Frente a esta situación tenemos a aquellos despabilados, astutos que, tal vez, sin tener un profesor como aquel que nos amenizaba las mañanas frías de invierno con historias de las depravaciones de algunos personajes, fueron capaces de ver en la política —igual no servían para otra cosa— una salida para su mediocridad. Cuánto rencor hay en estas mis palabras que supongo compartido con muchos. Resulta extraño y paradójico que los mediocres alcancen la excelencia y los llamados a ser excelentes caigan en la mediocridad. La culpa es de la sociedad, así que asumo mi parte, pero no puedo ceder sin más, sin dejar algún esputo que caiga en los ojos de alguien para que tenga la necesidad de restregarse y al limpiarse vea con más claridad una verdad vergonzante que no debería dejarnos indiferentes a ninguno.

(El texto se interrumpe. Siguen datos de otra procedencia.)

lemma ell_mult_pow_eq_0_imp_eq_0:
  fixes g :: "(nat \<Rightarrow> nat) \<Rightarrow> 'a::field_char_0"
  assumes I: "is_monomial_ideal n I" and lev: "level TYPE('a) n I t" and "2 * k < t"
    and g: "g \<in> graded_piece n I k" and Lg: "(ell_mult n (std n I) ^^ (t - 2 * k)) g = 0"
  shows "g = 0"
proof
  fix m
  show "g m = 0 m"
  proof (rule ccontr)
    assume "g m \<noteq> 0 m"
    then have m: "m \<in> std n I" "mdeg n m = k"
      using g by (auto simp: graded_piece_def quot_elems_def)
    moreover have "mdeg n m \<le> t"
      using m(2) \<open>2 * k < t\<close> by simp
    ultimately obtain M where M: "M \<in> std n I" "mdeg n M = t" "m \<le> M"
      using level_std_below_top[OF lev] by blast
    interpret box: graded_sl2 "\<lambda>c (g :: (nat \<Rightarrow> nat) \<Rightarrow> 'a) m. c * g m"
        "ell_mult n {..M}" "box_lower n M" "box_homog n M" "mdeg n M"
      by (rule graded_sl2_box)
    have homog: "box_homog n M k (zero_outside {..M} g)"
      using g by (auto simp: box_homog_def zero_outside_def graded_piece_def)
    have "(ell_mult n {..M} ^^ (t - 2 * k)) (zero_outside {..M} g)
        = zero_outside {..M} ((ell_mult n (std n I) ^^ (t - 2 * k)) g)"
      using atMost_subset_std[OF I M(1)] by (rule zero_outside_ell_mult_pow[symmetric])
    also have "\<dots> = 0"
      using Lg by (simp add: zero_outside_def fun_eq_iff)
    finally have "zero_outside {..M} g = 0"
      using box.hard_lefschetz[OF homog] \<open>2 * k < t\<close> by (simp add: M(2))
    then have "zero_outside {..M} g m = 0"
      by simp
    with M(3) \<open>g m \<noteq> 0 m\<close> show False
      by (simp add: zero_outside_def)
  qed
qed

lemma ell_mult_pow_inj_on:
  assumes I: "is_monomial_ideal n I" and lev: "level TYPE('a::field_char_0) n I t" and "2 * k < t"
  shows "inj_on (ell_mult n (std n I) ^^ (t - 2 * k)) (graded_piece n I k :: ((nat \<Rightarrow> nat) \<Rightarrow> 'a) set)"
proof (rule inj_onI)
  fix f g :: "(nat \<Rightarrow> nat) \<Rightarrow> 'a"
  assume f: "f \<in> graded_piece n I k" and g: "g \<in> graded_piece n I k"
    and "(ell_mult n (std n I) ^^ (t - 2 * k)) f = (ell_mult n (std n I) ^^ (t - 2 * k)) g"
  then have "(ell_mult n (std n I) ^^ (t - 2 * k)) (f - g) = 0"
    by (simp add: ell_mult_pow_diff)
  moreover have "f - g \<in> graded_piece n I k"
    using f g by (simp add: graded_piece_def quot_elems_def)
  ultimately have "f - g = 0"
    using ell_mult_pow_eq_0_imp_eq_0[OF I lev \<open>2 * k < t\<close>] by blast
  then show "f = g"
    by simp
qed

lemma ell_mult_inj_on:
  assumes I: "is_monomial_ideal n I" and lev: "level TYPE('a::field_char_0) n I t" and "2 * k < t"
  shows "inj_on (ell_mult n (std n I)) (graded_piece n I k :: ((nat \<Rightarrow> nat) \<Rightarrow> 'a) set)"
proof -
  have "ell_mult n (std n I) ^^ (t - 2 * k) = ell_mult n (std n I) ^^ (t - Suc (2 * k)) \<circ> ell_mult n (std n I)"
    using \<open>2 * k < t\<close> by (simp add: Suc_diff_Suc funpow_Suc_right[symmetric])
  then show ?thesis
    using ell_mult_pow_inj_on[OF assms] by (metis inj_on_imageI2)
qed

theorem lemma2p3:
  fixes n t :: nat and I :: "(nat \<Rightarrow> nat) set"
  assumes "is_monomial_ideal n I"
    and "artinian_quot n I"
    and "top_degree TYPE('a::field_char_0) n I t"
    and "level TYPE('a) n I t"
  shows "\<forall>k::nat. 2 * k < t \<longrightarrow>
      inj_on (quot_mult n I (quot_pow n I (sum_vars n I :: (nat \<Rightarrow> nat) \<Rightarrow> 'a) (t - 2 * k)))
             (graded_piece n I k)
    \<and> inj_on (quot_mult n I (sum_vars n I :: (nat \<Rightarrow> nat) \<Rightarrow> 'a)) (graded_piece n I k)"
proof (intro allI impI conjI)
  fix k :: nat
  assume k: "2 * k < t"
  have fin: "finite (std n I)"
    using assms(2) by (simp add: artinian_quot_def)
  show "inj_on (quot_mult n I (quot_pow n I (sum_vars n I :: (nat \<Rightarrow> nat) \<Rightarrow> 'a) (t - 2 * k)))
      (graded_piece n I k)"
    using ell_mult_pow_inj_on[OF assms(1,4) k]
    by (rule inj_on_cong[THEN iffD2, rotated])
      (simp add: quot_mult_pow_sum_vars[OF assms(1) fin] graded_piece_def)
  show "inj_on (quot_mult n I (sum_vars n I :: (nat \<Rightarrow> nat) \<Rightarrow> 'a)) (graded_piece n I k)"
    using ell_mult_inj_on[OF assms(1,4) k] by (simp add: quot_mult_sum_vars[OF assms(1) fin])
qed

end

Cómo es posible, me pregunto, que alguien suplante con total impunidad la titulación que tanto esfuerzo ha costado sacar a muchos, por mucho que puedan llenarse hojas y hojas de excusas y justificaciones o de silencios impertinentes y que no pase nada. La respuesta es sencilla —aunque antes confieso mi decepción con el tiempo perdido estudiando que bien podía haber dedicado a desarrollar mis dotes como charlatán o directamente ladrón, de los discretos, eso sí, nada de asaltar bancos o similar—: la desvergüenza se ha asentado entre nosotros y la asumimos con total naturalidad. El problema es —tal vez nadie se haya parado a pensarlo, o tal vez sí— que en este escenario a nadie le extrañe si alguien —yo mismo, ¿por qué no?— ofrece sus servicios o, mejor aún, directamente firma —aunque no sea exactamente debajo del título— prescripciones como médico cirujano vascular, proyectos como ingeniero de minas, decretos ratificados como presidente del gobierno o leyes sancionadas como rey de España. Que nadie se asombre.


Imagen: elpais.es


En Mérida a 30 de noviembre de 2019.
Francisco Irreverente.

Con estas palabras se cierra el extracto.